Human language is structurally a discrete combinatorial system, in which elements from a limited set combine in a recursive, hierarchical fashion to make an unlimited number of potentially novel messages. The combinatorial structure of language is governed by two quite independent systems: a small inventory of individually meaningless sounds combine to make meaningful words, on the one hand (PHONOLOGY), while these words are combined by a quite different system to make phrases, clauses, and sentences (SYNTAX). These properties (discrete combination, recursive hierarchical organization, and "duality of patterning") are not simply idiosyncratic ornaments that could in principle be omitted without affecting the overall communicative capacity of the system. Rather, they are what makes large vocabularies practical and unbounded free expression possible. Contrast the unlimited range of potentially novel utterances which any (normal) speaker of a language can produce, and another speaker of the same language comprehend, with the strictly limited range of meaningful signals available to other organisms. No other form of communication found in nature has these properties. Human language, and especially its syntactic organization is quite unique in the animal world.

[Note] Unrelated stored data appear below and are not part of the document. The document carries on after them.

lemma cycle_wraparound_edge:
  assumes "length cs \<ge> 3" "\<forall>i. Suc i < length cs \<longrightarrow> E (cs ! i) (cs ! Suc i)"
    "E (last cs) (hd cs)" "i < length cs"
  shows "E (cs ! i) (cs ! (Suc i mod length cs))"
proof (cases "Suc i < length cs")
  case True
  then show ?thesis using assms(2) by simp
next
  case False
  then have "Suc i = length cs" using assms(4) by simp
  then have "i = length cs - 1" "Suc i mod length cs = 0" by auto
  moreover have "cs \<noteq> []" using assms(1) by auto
  ultimately show ?thesis using assms(3) by (simp add: last_conv_nth hd_conv_nth)
qed

text \<open>A cycle through v leaves v along two distinct edges, so v needs two neighbours in S.\<close>
lemma induces_forest_insert:
  assumes forest: "induces_forest E S" and sym: "\<forall>u v. E u v \<longrightarrow> E v u"
    and leaf: "\<forall>a\<in>S. \<forall>b\<in>S. E v a \<longrightarrow> E v b \<longrightarrow> a = b"
  shows "induces_forest E (insert v S)"
  unfolding induces_forest_def
proof
  assume "has_cycle_in E (insert v S)"
  then obtain cs where l3: "length cs \<ge> 3" and dc: "distinct cs" and sc: "set cs \<subseteq> insert v S"
    and ec: "\<forall>i. Suc i < length cs \<longrightarrow> E (cs ! i) (cs ! Suc i)" and el: "E (last cs) (hd cs)"
    unfolding has_cycle_in_def by blast
  define n where "n = length cs"
  have "v \<in> set cs"
    using forest l3 dc sc ec el unfolding induces_forest_def has_cycle_in_def by blast
  then obtain k where k: "k < n" "cs ! k = v" unfolding n_def by (metis in_set_conv_nth)
  define a where "a = Suc k mod n"
  define b where "b = (k + n - 1) mod n"
  have n3: "n \<ge> 3" using l3 n_def by simp
  have ab: "a < n" "b < n" "Suc b mod n = k" using k unfolding a_def b_def by (auto simp: mod_Suc_eq)
  have "a \<noteq> b" "a \<noteq> k" "b \<noteq> k"
    using k n3 unfolding a_def b_def by (auto simp: mod_if split: if_splits)
  then have "cs ! a \<noteq> cs ! b" "cs ! a \<noteq> v" "cs ! b \<noteq> v"
    using dc ab k unfolding n_def by (auto simp: nth_eq_iff_index_eq)
  moreover have "cs ! a \<in> insert v S" "cs ! b \<in> insert v S"
    using sc ab unfolding n_def by (meson nth_mem subsetD)+
  moreover have "E v (cs ! a)" "E v (cs ! b)"
    using cycle_wraparound_edge[OF l3 ec el] k ab sym unfolding a_def n_def by metis+
  ultimately show False using leaf by blast
qed

definition is_path_from :: "('a \<Rightarrow> 'a \<Rightarrow> bool) \<Rightarrow> 'a set \<Rightarrow> 'a \<Rightarrow> 'a list \<Rightarrow> bool" where
  "is_path_from E T x p \<longleftrightarrow> p \<noteq> [] \<and> hd p = x \<and> distinct p \<and> set p \<subseteq> T
     \<and> (\<forall>i. Suc i < length p \<longrightarrow> E (p ! i) (p ! Suc i))"

lemma is_path_from_snoc:
  assumes "is_path_from E T x p" "z \<in> T" "z \<notin> set p" "E (last p) z"
  shows "is_path_from E T x (p @ [z])"
proof -
  have "E ((p @ [z]) ! i) ((p @ [z]) ! Suc i)" if "Suc i < length (p @ [z])" for i
  proof (cases "Suc i < length p")
    case True
    then show ?thesis using assms(1) unfolding is_path_from_def by (simp add: nth_append)
  next
    case False
    then have "i = length p - 1" using that by simp
    then show ?thesis using assms(1,4) False unfolding is_path_from_def by (simp add: nth_append last_conv_nth)
  qed
  then show ?thesis using assms unfolding is_path_from_def by auto
qed

lemma back_edge_closes_cycle:
  assumes "is_path_from E T x p" "j + 2 < length p" "E (last p) (p ! j)"
  shows "has_cycle_in E T"
  unfolding has_cycle_in_def
proof (intro exI conjI allI impI)
  show "3 \<le> length (drop j p)" "distinct (drop j p)" "set (drop j p) \<subseteq> T"
    using assms(1,2) unfolding is_path_from_def by (auto dest: in_set_dropD)
  show "E (drop j p ! i) (drop j p ! Suc i)" if "Suc i < length (drop j p)" for i
    using assms(1) that unfolding is_path_from_def by auto
  show "E (last (drop j p)) (hd (drop j p))"
    using assms(2,3) by (simp add: hd_drop_conv_nth)
qed

lemma longest_path_last_nbr:
  assumes p: "is_path_from E T x p" and longest: "\<And>q. is_path_from E T x q \<Longrightarrow> length q \<le> length p"
    and forest: "induces_forest E T" and irr: "\<forall>v. \<not> E v v" and z: "z \<in> T" "E (last p) z"
  shows "length p \<ge> 2 \<and> z = p ! (length p - 2)"
proof -
  define n where "n = length p"
  have last: "last p = p ! (n - 1)"
    using p unfolding n_def is_path_from_def by (simp add: last_conv_nth)
  have "z \<in> set p"
  proof (rule ccontr)
    assume "z \<notin> set p"
    from longest[OF is_path_from_snoc[OF p z(1) this z(2)]] show False by simp
  qed
  then obtain j where j: "j < n" "z = p ! j" unfolding n_def by (metis in_set_conv_nth)
  have "j \<noteq> n - 1" using j(2) z(2) last irr by auto
  moreover have "\<not> j + 2 < n"
    using back_edge_closes_cycle[OF p, of j] j(2) z(2) forest
    unfolding n_def induces_forest_def by auto
  ultimately have "n \<ge> 2" "j = n - 2" using j(1) by auto
  then show ?thesis using j(2) unfolding n_def by simp
qed

text \<open>The far end of a longest path from x is a leaf: a further neighbour would either extend
  the path or close a cycle.\<close>
lemma exists_leaf_other_than:
  assumes fin: "finite T" and xT: "x \<in> T" and forest: "induces_forest E T" and irr: "\<forall>v. \<not> E v v"
  shows "\<exists>v\<in>T. card {u\<in>T. E v u} \<le> 1 \<and> (v \<noteq> x \<or> (\<forall>u\<in>T. \<not> E x u))"
proof -
  have "is_path_from E T x [x]" using xT unfolding is_path_from_def by auto
  moreover have "\<forall>p. is_path_from E T x p \<longrightarrow> length p < Suc (card T)"
    unfolding is_path_from_def by (metis card_mono distinct_card fin less_Suc_eq_le)
  ultimately obtain p where p: "is_path_from E T x p"
    and longest: "\<And>q. is_path_from E T x q \<Longrightarrow> length q \<le> length p"
    using ex_has_greatest_nat[of "is_path_from E T x" "[x]" length "Suc (card T)"] by blast
  define n where "n = length p"
  have pne: "p \<noteq> []" and hd: "hd p = x" and dp: "distinct p" and sp: "set p \<subseteq> T"
    using p unfolding is_path_from_def by auto
  have last: "last p = p ! (n - 1)" using pne unfolding n_def by (simp add: last_conv_nth)
  have nbr: "n \<ge> 2 \<and> z = p ! (n - 2)" if "z \<in> T" "E (last p) z" for z
    using longest_path_last_nbr[OF p longest forest irr that] unfolding n_def .
  then have "{u\<in>T. E (last p) u} \<subseteq> {p ! (n - 2)}" by blast
  then have "card {u\<in>T. E (last p) u} \<le> card {p ! (n - 2)}" by (intro card_mono) auto
  then have "card {u\<in>T. E (last p) u} \<le> 1" by simp
  moreover have "last p \<noteq> x \<or> (\<forall>u\<in>T. \<not> E x u)"
  proof (cases "n = 1")
    case True
    then have "last p = x" using hd pne last by (simp add: hd_conv_nth)
    then have "\<not> E x u" if "u \<in> T" for u using nbr[OF that] True by auto
    then show ?thesis by blast
  next
    case False
    moreover have "0 < n" using pne unfolding n_def by simp
    ultimately have "n \<ge> 2" by linarith
    then have "p ! (n - 1) \<noteq> p ! 0"
      using nth_eq_iff_index_eq[OF dp, of "n - 1" 0] pne unfolding n_def by auto
    then show ?thesis using hd pne last by (simp add: hd_conv_nth)
  qed
  moreover have "last p \<in> T" using pne sp by auto
  ultimately show ?thesis by blast
qed

lemma reach_in_sym:
  assumes "\<forall>u v. E u v \<longrightarrow> E v u" and "reach_in E S a b"
  shows "reach_in E S b a"
proof -
  have "symp (\<lambda>x y. x \<in> S \<and> y \<in> S \<and> E x y)" using assms(1) by (auto intro: sympI)
  then show ?thesis using assms(2) unfolding reach_in_def by (metis sympD symp_rtranclp)
qed

lemma reach_in_trans: "reach_in E S a b \<Longrightarrow> reach_in E S b c \<Longrightarrow> reach_in E S a c"
  unfolding reach_in_def by auto

lemma reach_in_closed: "reach_in E S a b \<Longrightarrow> a \<in> S \<Longrightarrow> b \<in> S"
  unfolding reach_in_def by (induction rule: rtranclp_induct) auto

Furthermore, efforts to teach systems with these essential properties to other animals have not succeeded. Despite widespread claims to the contrary in the popular literature, there is no evidence that any non-human animal is capable of acquiring and using such a system. This should not be seen as particularly surprising: if language is indeed embedded in human biology, there is no reason to expect it to be accessible to organisms with a different biological endowment, any more than humans are capable of acquiring, say, the echolocation capacities of bats, a system which is equally grounded in the specific biology of those animals.

Conclusion

Human language is often considered as simply one more instantiation of the general class of animal communication systems. Indeed, like others it appears to be highly species-specific: although relevant experience is required to develop the system of any particular language, the overall class of languages accessible to the human learner is apparently highly constrained, and the process of language learning more like genetically governed maturation than like learning in general. The structural characteristics of human language are, however, quite different from those of other communication systems, and it is the freedom of expression subserved by those distinctive properties that gives language the role it has in human life.

 

— Stephen R. Anderson

 

Works Cited and Suggestions for Further Reading

 

Anderson, Stephen R. 2004. Doctor Dolittle’s Delusion: Animals and the Uniqueness of Human Language. New Haven: Yale University Press.

Bradbury, J. W. & Sandra Vehrenkamp. 1998. Principles of Animal Communication. Sunderland, MA: Sinauer.

Hauser, Marc D. 1996. The Evolution of Communication. Cambridge, MA: MIT Press.